We already mentioned the similarity between the struct and enum types. In addition to the ability to add methods, Swift also allows you to use Protocols and Protocol Extensions with enums.

Swift protocols define an interface that types can conform to. In this case our enum can conform to it. For a start, let's take a protocol from the Swift standard library.

CustomStringConvertible is a type with a customized textual representation suitable for printing purposes:

protocol CustomStringConvertible {

   var description: String { get }

}

It has only one requirement, namely a getter for a string. We can implement this on an enum quite easily:

enum Trade: CustomStringConvertible {

    case buy, sell

    var description: String {

        switch self {

        case .buy: return \"We're buying something\"

        case .sell: return \"We're selling something\"

        }

    }

}

Some protocol implementations may need internal state handling to cope with the requirements. Imagine a protocol that manages a bank account:

protocol AccountCompatible {

   var remainingFunds: Int { get }

   mutating func addFunds(amount: Int) throws

   mutating func removeFunds(amount: Int) throws

}

You could easily fulfill this protocol with a struct, but in the context of your application, an enum is the more sensible approach.

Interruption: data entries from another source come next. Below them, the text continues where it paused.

(* Since rho is diagonal in the basis psi, |psi_i><psi_i| rho |psi_j><psi_j| = 0 for i ~= j;
   together with the orthogonality of the projectors in sigma2 this kills every off-diagonal
   coherence of the two-time family.
   In an extension, a history starting with |psi_i><psi_i| and ending with a rank-one projector
   |w><z| has history operator |psi_i><psi_i| T |w><z| = <psi_i|T|w> |psi_i><z|, so all histories
   with the same endpoints are multiples s_x M of a single operator M.  Their coherences
   conj(s_x) s_y Tr(M^* rho M) form a rank-one matrix: two distinct such histories of non-zero
   probability have non-zero mutual coherence, which consistency forbids. *)

lemma mat_adjoint_dim [simp]:
  "dim_row (mat_adjoint A) = dim_col A" "dim_col (mat_adjoint A) = dim_row A"
  unfolding mat_adjoint_def by auto

lemma mat_adjoint_carrier [simp]: "A \<in> carrier_mat n m \<Longrightarrow> mat_adjoint A \<in> carrier_mat m n"
  unfolding mat_adjoint_def by auto

lemma mat_adjoint_index [simp]:
  fixes A :: "complex mat"
  shows "i < dim_col A \<Longrightarrow> j < dim_row A \<Longrightarrow> mat_adjoint A $$ (i, j) = cnj (A $$ (j, i))"
  unfolding mat_adjoint_def by (simp add: mat_of_rows_index)

lemma mat_adjoint_mult:
  fixes A B :: "complex mat"
  assumes "A \<in> carrier_mat n m" "B \<in> carrier_mat m p"
  shows "mat_adjoint (A * B) = mat_adjoint B * mat_adjoint A"
proof (rule eq_matI)
  fix i j assume "i < dim_row (mat_adjoint B * mat_adjoint A)" "j < dim_col (mat_adjoint B * mat_adjoint A)"
  then have i: "i < p" and j: "j < n" using assms by auto
  have "mat_adjoint (A * B) $$ (i, j) = (\<Sum>k<m. cnj (B $$ (k, i)) * cnj (A $$ (j, k)))"
    using i j assms by (simp add: scalar_prod_def atLeast0LessThan mult.commute)
  also have "\<dots> = (mat_adjoint B * mat_adjoint A) $$ (i, j)"
    using i j assms by (simp add: scalar_prod_def atLeast0LessThan)
  finally show "mat_adjoint (A * B) $$ (i, j) = (mat_adjoint B * mat_adjoint A) $$ (i, j)" .
qed (use assms in auto)
(* For every BI formula $\varphi$, $\varphi\in[\![\varphi]\!]\subseteq[\![\varphi]\!]^{\mathrm{out}}$, where $[\![\varphi]\!]$ is the interpretation of $\varphi$ in the BI algebra $\mathcal C$ with atoms interpreted by $[\![a]\!]=[\![a]\!]^{\mathrm{out}}$, and the leftmost $\varphi$ denotes the single-leaf bunch.
   Context: Formulas of BI: $\varphi,\psi ::= \top \mid \bot \mid \varphi\wedge\psi \mid \varphi\vee\psi \mid \varphi\to\psi \mid \mathsf{emp} \mid \varphi\ast\psi \mid \varphi -\!\!\ast\, \psi \mid a$, $a\in\mathrm{Atom}$. Bunches are finite binary trees whose leaves are formulas or empty bunches $\varnothing_m,\varnothing_a$ and whose internal nodes are labelled by the multiplicative comma ($\Delta_1\mathbin{,}\Delta_2$) or the additive semicolon ($\Delta_1\mathbin{;}\Delta_2$). A bunched context $\Delta(-)$ is a bunch with one leaf replaced by a hole; $\Delta(\Gamma)$ fills it with $\Gamma$. Bunch equivalence $\equiv$ is the least equivalence relation making $\mathbin{,}$ commutative, associative with unit $\varnothing_m$, $\mathbin{;}$ commutative, associative with unit $\varnothing_a$, and closed under contexts; $\mathrm{Bunch}$ is the set of bunches modulo $\equiv$. The cut-free BI sequent calculus ($\Delta\vdash_{\mathsf{cf}}\varphi$) has the rules: (ax) $a\vdash a$ for atoms $a$; (equiv) from $\Delta'\vdash\varphi$, $\Delta\equiv\Delta'$ infer $\Delta\vdash\varphi$; (W;) from $\Delta(\Delta_1)\vdash\varphi$ infer $\Delta(\Delta_1\mathbin{;}\Delta_2)\vdash\varphi$; (C;) from $\Delta(\Delta_1\mathbin{;}\Delta_1)\vdash\varphi$ infer $\Delta(\Delta_1)\vdash\varphi$; (empR) $\varnothing_m\vdash\mathsf{emp}$; (empL) from $\Delta(\varnothing_m)\vdash\varphi$ infer $\Delta(\mathsf{emp})\vdash\varphi$; ($\ast$R) from $\Delta_1\vdash\varphi$, $\Delta_2\vdash\psi$ infer $\Delta_1\mathbin{,}\Delta_2\vdash\varphi\ast\psi$; ($\ast$L) from $\Delta(\varphi\mathbin{,}\psi)\vdash\chi$ infer $\Delta(\varphi\ast\psi)\vdash\chi$; ($-\!\ast$R) from $\Delta\mathbin{,}\varphi\vdash\psi$ infer $\Delta\vdash\varphi-\!\!\ast\,\psi$; ($-\!\ast$L) from $\Delta_1\vdash\varphi$, $\Delta(\Delta_2\mathbin{,}\psi)\vdash\chi$ infer $\Delta((\Delta_1\mathbin{,}\Delta_2)\mathbin{,}(\varphi-\!\!\ast\,\psi))\vdash\chi$; ($\top$R) $\varnothing_a\vdash\top$; ($\top$L) from $\Delta(\varnothing_a)\vdash\varphi$ infer $\Delta(\top)\vdash\varphi$; ($\wedge$R) from $\Delta_1\vdash\varphi$, $\Delta_2\vdash\psi$ infer $\Delta_1\mathbin{;}\Delta_2\vdash\varphi\wedge\psi$; ($\wedge$L) from $\Delta(\varphi\mathbin{;}\psi)\vdash\chi$ infer $\Delta(\varphi\wedge\psi)\vdash\chi$; ($\to$R) from $\Delta\mathbin{;}\varphi\vdash\psi$ infer $\Delta\vdash\varphi\to\psi$; ($\to$L) from $\Delta_1\vdash\varphi$, $\Delta(\Delta_2\mathbin{;}\psi)\vdash\chi$ infer $\Delta((\Delta_1\mathbin{;}\Delta_2)\mathbin{;}(\varphi\to\psi))\vdash\chi$; ($\bot$L) $\Delta(\bot)\vdash\varphi$; ($\vee$R1/2) from $\Delta\vdash\varphi$ (resp. $\Delta\vdash\psi$) infer $\Delta\vdash\varphi\vee\psi$; ($\vee$L) from $\Delta(\varphi)\vdash\chi$, $\Delta(\psi)\vdash\chi$ infer $\Delta(\varphi\vee\psi)\vdash\chi$. (No cut rule.) For a formula $\varphi$, $[\![\varphi]\!]^{\mathrm{out}}=\{\Delta\in\mathrm{Bunch}\mid\Delta\vdash_{\mathsf{cf}}\varphi\}$. For $X\subseteq\mathrm{Bunch}$, $\mathrm{cl}(X)=\bigcap\{[\![\varphi]\!]^{\mathrm{out}}\mid X\subseteq[\![\varphi]\!]^{\mathrm{out}}\}$, and $\mathcal C=\{X\subseteq\mathrm{Bunch}\mid X=\mathrm{cl}(X)\}$. $\mathcal C$ is a BI algebra (bounded Heyting algebra with a residuated commutative monoid $(\ast,\mathsf{emp},-\!\!\ast)$) with operations: $\mathsf{emp}=\mathrm{cl}(\{\varnothing_m\})$, $\top=\mathrm{Bunch}$, $\bot=\mathrm{cl}(\emptyset)$, $X\vee Y=\mathrm{cl}(X\cup Y)$, $X\wedge Y=X\cap Y$, $X\ast Y=\mathrm{cl}(\{\Delta\mathbin{,}\Delta'\mid\Delta\in X,\Delta'\in Y\})$, $X-\!\!\ast\,Y=\{\Delta\mid\forall\Delta'\in X.\ (\Delta\mathbin{,}\Delta')\in Y\}$, $X\to Y=\{\Delta\mid\forall\Delta'\in X.\ (\Delta\mathbin{;}\Delta')\in Y\}$. Formulas are interpreted homomorphically in $\mathcal C$ (each connective by the corresponding operation) given the interpretation of atoms. *)

theory Defs
  imports Main
begin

However, you can't add properties like var remainingFunds: Int to an enum, so how would you model that? The answer is actually easy, you can use associated values for this:

enum Account {

   case empty

   case funds(remaining: Int)

   case credit(amount: Int)



   var remainingFunds: Int {

     switch self {

     case .empty: return 0

     case .funds(let remaining): return remaining

     case .credit(let amount): return amount

     }

   }

}

To keep things clean, we can then define the required protocol functions in a protocol extension on the enum:

extension Account: AccountCompatible {



   mutating func addFunds(amount: Int) {

     var newAmount = amount

     if case let .funds(remaining) = self {

       newAmount += remaining

     }

     if newAmount < 0 {

       self = .credit(newAmount)

     } else if newAmount == 0 {

       self = .empty

     } else {

       self = .funds(remaining: newAmount)

     }

   }



   mutating func removeFunds(amount: Int) throws {

     try self.addFunds(amount * -1)

   }



}



var account = Account.funds(remaining: 20)

try? account.addFunds(amount:10)

try? account.removeFunds(amount:15)

As you can see, we implemented all the protocol requirements by storing our values within our enum cases. A very nifty side effect of this is, that now you can test for an empty account with a simple pattern match all over your code base. You don't have to see whether the remainingFunds are zero.

We're also implementing the protocol in an extension. We'll learn more about extensions on enum types in the next chapter.